- [Records for processing]:
(* Let $v>0$ and $0<q<v$, and for each integer $k$ with $0\le k<\sqrt{v/q}-1$ let $$\psi_{0,k}(r)=\left(1-q\,e^{-r}\right)e^{-\left(\frac{v}{2q(k+1)}-\frac{k+1}{2}\right)r}\;{}_2F_1\!\left(-k,\,\frac{v}{(k+1)q}+1;\,\frac{v}{(k+1)q}-k;\,q\,e^{-r}\right),\qquad r\in(\log q,\infty).$$ Let $j,n$ be integers with $1\le j\le n<\sqrt{v/q}-1$ and define $$\psi_{j,n}(r)=\frac{W\big(\psi_{0,0}(r),\psi_{0,1}(r),\dots,\psi_{0,j-1}(r),\psi_{0,n}(r)\big)}{W\big(\psi_{0,0}(r),\psi_{0,1}(r),\dots,\psi_{0,j-1}(r)\big)}.$$ Then $\psi_{j,n}$ is a nonzero constant multiple of $$e^{-\left(\frac{v}{2q(n+1)}-\frac{n+1}{2}\right)r}\left(1-q\,e^{-r}\right)^{j+1}\;{}_2F_1\!\left(j-n,\,j+1+\frac{v}{q(n+1)};\,\frac{v}{q(n+1)}-n;\,q\,e^{-r}\right),$$ and it satisfies $$-\psi_{j,n}''(r)+\left(\frac{j(j+1)\,q\,e^{-r}}{(1-q\,e^{-r})^2}-\frac{v\,e^{-r}}{1-q\,e^{-r}}\right)\psi_{j,n}(r)=-\left(\frac{v}{2q(n+1)}-\frac{n+1}{2}\right)^2\psi_{j,n}(r)\quad\text{on }(\log q,\infty).$$
   Context: $W(f_1,\dots,f_k)=\det\big(f_i^{(l-1)}\big)_{i,l=1}^k$ denotes the Wronskian. ${}_2F_1(\alpha,\beta;\gamma;z)=\sum_{k\ge0}\frac{(\alpha)_k(\beta)_k}{(\gamma)_k k!}z^k$ is the Gauss hypergeometric function, $(a)_k$ the Pochhammer symbol. The $\psi_{0,k}$ are the bound-state eigenfunctions of $-\psi''-\frac{v e^{-r}}{1-qe^{-r}}\psi=\mathscr E\psi$ on $(\log q,\infty)$ with Dirichlet conditions at $\log q$ and $\infty$. *)

theory Defs
  imports "HOL-Analysis.Analysis" "Jordan_Normal_Form.Determinant"
begin

definition hyp2F1 :: "real \<Rightarrow> real \<Rightarrow> real \<Rightarrow> real \<Rightarrow> real" where
  "hyp2F1 a b c z = (\<Sum>k. pochhammer a k * pochhammer b k / (pochhammer c k * fact k) * z ^ k)"

definition wronskian :: "nat \<Rightarrow> (nat \<Rightarrow> real \<Rightarrow> real) \<Rightarrow> real \<Rightarrow> real" where
  "wronskian m fs x = Determinant.det (mat m m (\<lambda>(i, l). (deriv ^^ l) (fs i) x))"

definition psi0 :: "real \<Rightarrow> real \<Rightarrow> nat \<Rightarrow> real \<Rightarrow> real" where
  "psi0 v q k r = (1 - q * exp (- r)) * exp (- ((v / (2 * q * (k + 1)) - (k + 1) / 2) * r))
      * hyp2F1 (- real k) (v / ((k + 1) * q) + 1) (v / ((k + 1) * q) - k) (q * exp (- r))"

definition psi :: "real \<Rightarrow> real \<Rightarrow> nat \<Rightarrow> nat \<Rightarrow> real \<Rightarrow> real" where
  "psi v q j n r = wronskian (j + 1) (\<lambda>i. if i < j then psi0 v q i else psi0 v q n) r
                 / wronskian j (\<lambda>i. psi0 v q i) r"

end

theory Submission
  imports Defs
begin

- [What you have to do]:
Set down the preceding data verbatim. Every line belongs in the copy.

- [Written reply]:
(* Let $v>0$ and $0<q<v$, and for each integer $k$ with $0\le k<\sqrt{v/q}-1$ let $$\psi_{0,k}(r)=\left(1-q\,e^{-r}\right)e^{-\left(\frac{v}{2q(k+1)}-\frac{k+1}{2}\right)r}\;{}_2F_1\!\left(-k,\,\frac{v}{(k+1)q}+1;\,\frac{v}{(k+1)q}-k;\,q\,e^{-r}\right),\qquad r\in(\log q,\infty).$$ Let $j,n$ be integers with $1\le j\le n<\sqrt{v/q}-1$ and define $$\psi_{j,n}(r)=\frac{W\big(\psi_{0,0}(r),\psi_{0,1}(r),\dots,\psi_{0,j-1}(r),\psi_{0,n}(r)\big)}{W\big(\psi_{0,0}(r),\psi_{0,1}(r),\dots,\psi_{0,j-1}(r)\big)}.$$ Then $\psi_{j,n}$ is a nonzero constant multiple of $$e^{-\left(\frac{v}{2q(n+1)}-\frac{n+1}{2}\right)r}\left(1-q\,e^{-r}\right)^{j+1}\;{}_2F_1\!\left(j-n,\,j+1+\frac{v}{q(n+1)};\,\frac{v}{q(n+1)}-n;\,q\,e^{-r}\right),$$ and it satisfies $$-\psi_{j,n}''(r)+\left(\frac{j(j+1)\,q\,e^{-r}}{(1-q\,e^{-r})^2}-\frac{v\,e^{-r}}{1-q\,e^{-r}}\right)\psi_{j,n}(r)=-\left(\frac{v}{2q(n+1)}-\frac{n+1}{2}\right)^2\psi_{j,n}(r)\quad\text{on }(\log q,\infty).$$
   Context: $W(f_1,\dots,f_k)=\det\big(f_i^{(l-1)}\big)_{i,l=1}^k$ denotes the Wronskian. ${}_2F_1(\alpha,\beta;\gamma;z)=\sum_{k\ge0}\frac{(\alpha)_k(\beta)_k}{(\gamma)_k k!}z^k$ is the Gauss hypergeometric function, $(a)_k$ the Pochhammer symbol. The $\psi_{0,k}$ are the bound-state eigenfunctions of $-\psi''-\frac{v e^{-r}}{1-qe^{-r}}\psi=\mathscr E\psi$ on $(\log q,\infty)$ with Dirichlet conditions at $\log q$ and $\infty$. *)

theory Defs
  imports "HOL-Analysis.Analysis" "Jordan_Normal_Form.Determinant"
begin

definition hyp2F1 :: "real \<Rightarrow> real \<Rightarrow> real \<Rightarrow> real \<Rightarrow> real" where
  "hyp2F1 a b c z = (\<Sum>k. pochhammer a k * pochhammer b k / (pochhammer c k * fact k) * z ^ k)"

definition wronskian :: "nat \<Rightarrow> (nat \<Rightarrow> real \<Rightarrow> real) \<Rightarrow> real \<Rightarrow> real" where
  "wronskian m fs x = Determinant.det (mat m m (\<lambda>(i, l). (deriv ^^ l) (fs i) x))"

definition psi0 :: "real \<Rightarrow> real \<Rightarrow> nat \<Rightarrow> real \<Rightarrow> real" where
  "psi0 v q k r = (1 - q * exp (- r)) * exp (- ((v / (2 * q * (k + 1)) - (k + 1) / 2) * r))
      * hyp2F1 (- real k) (v / ((k + 1) * q) + 1) (v / ((k + 1) * q) - k) (q * exp (- r))"

definition psi :: "real \<Rightarrow> real \<Rightarrow> nat \<Rightarrow> nat \<Rightarrow> real \<Rightarrow> real" where
  "psi v q j n r = wronskian (j + 1) (\<lambda>i. if i < j then psi0 v q i else psi0 v q n) r
                 / wronskian j (\<lambda>i. psi0 v q i) r"

end

theory Submission
  imports Defs
begin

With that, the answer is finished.